Saved entries:
════════════════════
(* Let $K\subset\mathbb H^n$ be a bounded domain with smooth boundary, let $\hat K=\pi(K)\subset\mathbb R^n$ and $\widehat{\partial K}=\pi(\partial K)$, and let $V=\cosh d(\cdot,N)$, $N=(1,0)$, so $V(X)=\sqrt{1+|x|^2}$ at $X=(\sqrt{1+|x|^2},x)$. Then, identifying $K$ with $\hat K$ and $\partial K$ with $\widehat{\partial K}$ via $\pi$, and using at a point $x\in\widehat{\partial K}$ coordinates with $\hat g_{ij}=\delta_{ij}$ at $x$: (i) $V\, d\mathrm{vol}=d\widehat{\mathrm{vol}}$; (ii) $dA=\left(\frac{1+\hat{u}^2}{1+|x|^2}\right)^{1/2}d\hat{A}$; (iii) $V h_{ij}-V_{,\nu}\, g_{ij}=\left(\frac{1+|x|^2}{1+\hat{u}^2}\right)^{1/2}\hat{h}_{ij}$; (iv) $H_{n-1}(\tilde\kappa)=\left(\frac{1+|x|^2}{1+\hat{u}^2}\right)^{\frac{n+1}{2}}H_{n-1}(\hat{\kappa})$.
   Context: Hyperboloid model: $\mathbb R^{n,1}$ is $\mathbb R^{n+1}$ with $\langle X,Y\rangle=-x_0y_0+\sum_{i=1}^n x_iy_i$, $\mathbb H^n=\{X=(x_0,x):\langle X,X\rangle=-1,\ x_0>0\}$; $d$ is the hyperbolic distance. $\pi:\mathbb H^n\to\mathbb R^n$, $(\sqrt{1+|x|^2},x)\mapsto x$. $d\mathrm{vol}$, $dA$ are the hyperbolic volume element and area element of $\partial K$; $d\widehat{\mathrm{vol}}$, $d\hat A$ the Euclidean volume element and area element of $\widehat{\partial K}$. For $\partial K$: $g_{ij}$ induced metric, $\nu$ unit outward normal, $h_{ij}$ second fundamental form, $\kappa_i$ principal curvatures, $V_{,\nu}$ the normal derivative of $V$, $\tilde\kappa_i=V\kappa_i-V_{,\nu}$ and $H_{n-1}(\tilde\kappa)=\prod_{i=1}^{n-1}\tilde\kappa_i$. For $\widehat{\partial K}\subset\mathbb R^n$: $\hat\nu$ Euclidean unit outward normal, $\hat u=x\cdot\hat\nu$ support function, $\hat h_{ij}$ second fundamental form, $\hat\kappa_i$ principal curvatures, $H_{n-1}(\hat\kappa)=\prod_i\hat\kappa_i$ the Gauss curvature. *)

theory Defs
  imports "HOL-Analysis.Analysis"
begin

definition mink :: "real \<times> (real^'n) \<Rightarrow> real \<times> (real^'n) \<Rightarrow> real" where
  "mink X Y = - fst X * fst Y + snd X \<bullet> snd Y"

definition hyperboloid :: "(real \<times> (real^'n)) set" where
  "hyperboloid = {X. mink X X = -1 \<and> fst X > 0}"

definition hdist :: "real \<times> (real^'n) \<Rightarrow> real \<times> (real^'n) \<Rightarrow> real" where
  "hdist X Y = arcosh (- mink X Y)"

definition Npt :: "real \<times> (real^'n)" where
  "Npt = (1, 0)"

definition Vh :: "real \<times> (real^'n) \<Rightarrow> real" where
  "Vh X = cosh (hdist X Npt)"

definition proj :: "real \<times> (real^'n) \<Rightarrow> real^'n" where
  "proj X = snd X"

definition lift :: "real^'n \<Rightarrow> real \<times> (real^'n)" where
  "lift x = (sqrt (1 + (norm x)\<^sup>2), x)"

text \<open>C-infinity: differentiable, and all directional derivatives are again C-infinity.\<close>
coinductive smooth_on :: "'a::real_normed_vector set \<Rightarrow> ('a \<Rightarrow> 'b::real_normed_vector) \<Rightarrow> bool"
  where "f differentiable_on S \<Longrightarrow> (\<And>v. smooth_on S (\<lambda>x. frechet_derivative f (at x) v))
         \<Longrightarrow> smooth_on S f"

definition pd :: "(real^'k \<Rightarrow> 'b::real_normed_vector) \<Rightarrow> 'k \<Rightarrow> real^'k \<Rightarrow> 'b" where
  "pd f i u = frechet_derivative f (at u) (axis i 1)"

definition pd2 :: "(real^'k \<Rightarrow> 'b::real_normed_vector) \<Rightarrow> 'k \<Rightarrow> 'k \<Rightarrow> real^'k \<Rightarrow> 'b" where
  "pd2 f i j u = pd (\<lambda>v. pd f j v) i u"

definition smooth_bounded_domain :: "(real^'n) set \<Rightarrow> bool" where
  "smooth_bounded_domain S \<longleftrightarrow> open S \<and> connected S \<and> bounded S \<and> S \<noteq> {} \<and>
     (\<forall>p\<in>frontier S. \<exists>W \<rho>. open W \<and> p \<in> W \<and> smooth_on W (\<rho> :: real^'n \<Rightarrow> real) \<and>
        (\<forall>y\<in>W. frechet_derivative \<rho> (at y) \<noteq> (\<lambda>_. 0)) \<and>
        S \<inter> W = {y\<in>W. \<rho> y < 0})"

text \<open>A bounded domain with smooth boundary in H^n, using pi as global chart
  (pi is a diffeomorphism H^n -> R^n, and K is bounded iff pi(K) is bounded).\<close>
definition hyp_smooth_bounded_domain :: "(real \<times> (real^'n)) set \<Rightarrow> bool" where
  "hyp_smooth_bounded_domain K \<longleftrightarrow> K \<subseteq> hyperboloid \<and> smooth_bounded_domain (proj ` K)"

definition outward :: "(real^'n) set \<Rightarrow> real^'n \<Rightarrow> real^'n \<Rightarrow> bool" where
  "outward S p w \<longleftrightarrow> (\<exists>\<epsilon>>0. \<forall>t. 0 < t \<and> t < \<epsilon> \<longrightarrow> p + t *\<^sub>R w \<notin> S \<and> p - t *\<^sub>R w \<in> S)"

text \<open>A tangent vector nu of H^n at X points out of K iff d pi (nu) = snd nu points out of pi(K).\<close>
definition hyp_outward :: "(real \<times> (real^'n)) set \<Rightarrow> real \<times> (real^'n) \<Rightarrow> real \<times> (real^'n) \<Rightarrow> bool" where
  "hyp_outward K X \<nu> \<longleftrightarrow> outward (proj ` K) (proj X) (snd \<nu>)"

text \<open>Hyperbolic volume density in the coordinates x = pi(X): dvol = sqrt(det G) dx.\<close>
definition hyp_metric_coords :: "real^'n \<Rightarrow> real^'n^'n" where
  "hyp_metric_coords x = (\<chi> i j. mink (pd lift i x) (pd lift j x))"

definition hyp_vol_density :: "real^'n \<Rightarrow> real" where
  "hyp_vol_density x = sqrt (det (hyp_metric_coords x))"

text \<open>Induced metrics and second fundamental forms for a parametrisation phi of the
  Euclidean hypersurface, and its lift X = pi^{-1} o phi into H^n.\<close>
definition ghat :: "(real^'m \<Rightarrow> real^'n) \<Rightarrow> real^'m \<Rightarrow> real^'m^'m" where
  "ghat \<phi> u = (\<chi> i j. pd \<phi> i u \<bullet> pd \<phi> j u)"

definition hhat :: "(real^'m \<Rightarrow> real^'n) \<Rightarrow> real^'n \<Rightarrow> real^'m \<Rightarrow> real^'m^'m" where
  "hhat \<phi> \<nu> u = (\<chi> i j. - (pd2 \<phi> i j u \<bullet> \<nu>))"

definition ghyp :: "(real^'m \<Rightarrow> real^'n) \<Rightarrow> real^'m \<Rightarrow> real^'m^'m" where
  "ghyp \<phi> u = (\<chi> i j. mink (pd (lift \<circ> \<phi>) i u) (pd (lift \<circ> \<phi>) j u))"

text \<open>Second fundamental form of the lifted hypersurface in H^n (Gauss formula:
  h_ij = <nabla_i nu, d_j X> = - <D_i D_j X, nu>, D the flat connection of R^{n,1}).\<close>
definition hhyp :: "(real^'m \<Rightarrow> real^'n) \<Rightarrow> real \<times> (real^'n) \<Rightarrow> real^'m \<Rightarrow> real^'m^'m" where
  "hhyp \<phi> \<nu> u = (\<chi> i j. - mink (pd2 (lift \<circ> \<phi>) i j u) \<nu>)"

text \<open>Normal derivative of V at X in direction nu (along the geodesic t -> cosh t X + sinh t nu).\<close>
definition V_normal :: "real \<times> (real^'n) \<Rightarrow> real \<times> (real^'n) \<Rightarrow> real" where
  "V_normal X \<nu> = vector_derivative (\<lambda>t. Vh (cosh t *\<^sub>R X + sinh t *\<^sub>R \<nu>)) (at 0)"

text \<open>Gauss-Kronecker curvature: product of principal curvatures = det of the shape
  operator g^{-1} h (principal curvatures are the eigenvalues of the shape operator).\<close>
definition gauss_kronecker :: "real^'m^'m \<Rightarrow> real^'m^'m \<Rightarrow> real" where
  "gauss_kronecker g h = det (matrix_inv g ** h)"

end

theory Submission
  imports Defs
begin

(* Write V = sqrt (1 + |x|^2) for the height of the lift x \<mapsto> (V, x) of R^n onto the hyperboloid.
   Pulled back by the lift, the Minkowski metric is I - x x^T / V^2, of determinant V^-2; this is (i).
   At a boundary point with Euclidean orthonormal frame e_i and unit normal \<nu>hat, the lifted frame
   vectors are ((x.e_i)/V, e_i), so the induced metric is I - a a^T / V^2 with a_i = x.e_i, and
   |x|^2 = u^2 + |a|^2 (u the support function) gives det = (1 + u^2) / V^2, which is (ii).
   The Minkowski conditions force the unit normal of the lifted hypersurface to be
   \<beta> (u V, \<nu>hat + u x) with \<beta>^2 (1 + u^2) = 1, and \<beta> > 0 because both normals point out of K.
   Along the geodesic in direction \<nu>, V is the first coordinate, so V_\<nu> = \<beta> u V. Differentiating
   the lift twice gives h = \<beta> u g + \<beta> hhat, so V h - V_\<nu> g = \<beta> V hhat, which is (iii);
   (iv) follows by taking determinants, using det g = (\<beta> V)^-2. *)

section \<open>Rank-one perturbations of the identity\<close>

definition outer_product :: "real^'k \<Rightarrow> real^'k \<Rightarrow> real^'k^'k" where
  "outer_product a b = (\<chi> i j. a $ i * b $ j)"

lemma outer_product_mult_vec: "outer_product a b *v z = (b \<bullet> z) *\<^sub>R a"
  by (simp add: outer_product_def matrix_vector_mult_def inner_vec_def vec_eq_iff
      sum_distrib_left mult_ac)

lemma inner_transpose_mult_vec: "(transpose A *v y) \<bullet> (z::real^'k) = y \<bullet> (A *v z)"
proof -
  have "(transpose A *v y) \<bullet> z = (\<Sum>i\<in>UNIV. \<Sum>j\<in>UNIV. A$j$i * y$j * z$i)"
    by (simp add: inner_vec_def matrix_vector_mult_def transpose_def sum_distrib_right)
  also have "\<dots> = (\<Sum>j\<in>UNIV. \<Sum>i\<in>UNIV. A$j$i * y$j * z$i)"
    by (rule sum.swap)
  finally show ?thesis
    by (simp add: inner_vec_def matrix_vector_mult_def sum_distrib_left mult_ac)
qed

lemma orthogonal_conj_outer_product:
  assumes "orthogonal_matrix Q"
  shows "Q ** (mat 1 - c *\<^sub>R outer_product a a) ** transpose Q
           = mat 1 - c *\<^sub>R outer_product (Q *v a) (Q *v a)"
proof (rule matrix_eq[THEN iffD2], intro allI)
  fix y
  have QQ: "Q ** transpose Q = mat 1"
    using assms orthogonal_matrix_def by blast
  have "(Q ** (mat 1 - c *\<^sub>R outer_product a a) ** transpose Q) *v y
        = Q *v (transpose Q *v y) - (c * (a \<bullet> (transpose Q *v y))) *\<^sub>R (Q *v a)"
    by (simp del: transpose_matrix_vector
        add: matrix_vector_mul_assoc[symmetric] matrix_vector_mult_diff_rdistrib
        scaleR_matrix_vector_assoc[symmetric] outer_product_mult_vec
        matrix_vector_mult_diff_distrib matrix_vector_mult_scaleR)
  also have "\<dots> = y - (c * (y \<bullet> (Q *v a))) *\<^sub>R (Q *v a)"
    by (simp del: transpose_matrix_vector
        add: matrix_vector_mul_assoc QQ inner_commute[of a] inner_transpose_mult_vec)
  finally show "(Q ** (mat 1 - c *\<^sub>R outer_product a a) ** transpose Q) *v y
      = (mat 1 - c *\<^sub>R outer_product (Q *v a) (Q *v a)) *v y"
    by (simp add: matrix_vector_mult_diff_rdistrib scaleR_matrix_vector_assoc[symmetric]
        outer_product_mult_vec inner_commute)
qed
════════════════════
### Work instruction
Show the lines above that include "shape".

### Result of the task
text \<open>Gauss-Kronecker curvature: product of principal curvatures = det of the shape
  operator g^{-1} h (principal curvatures are the eigenvalues of the shape operator).\<close>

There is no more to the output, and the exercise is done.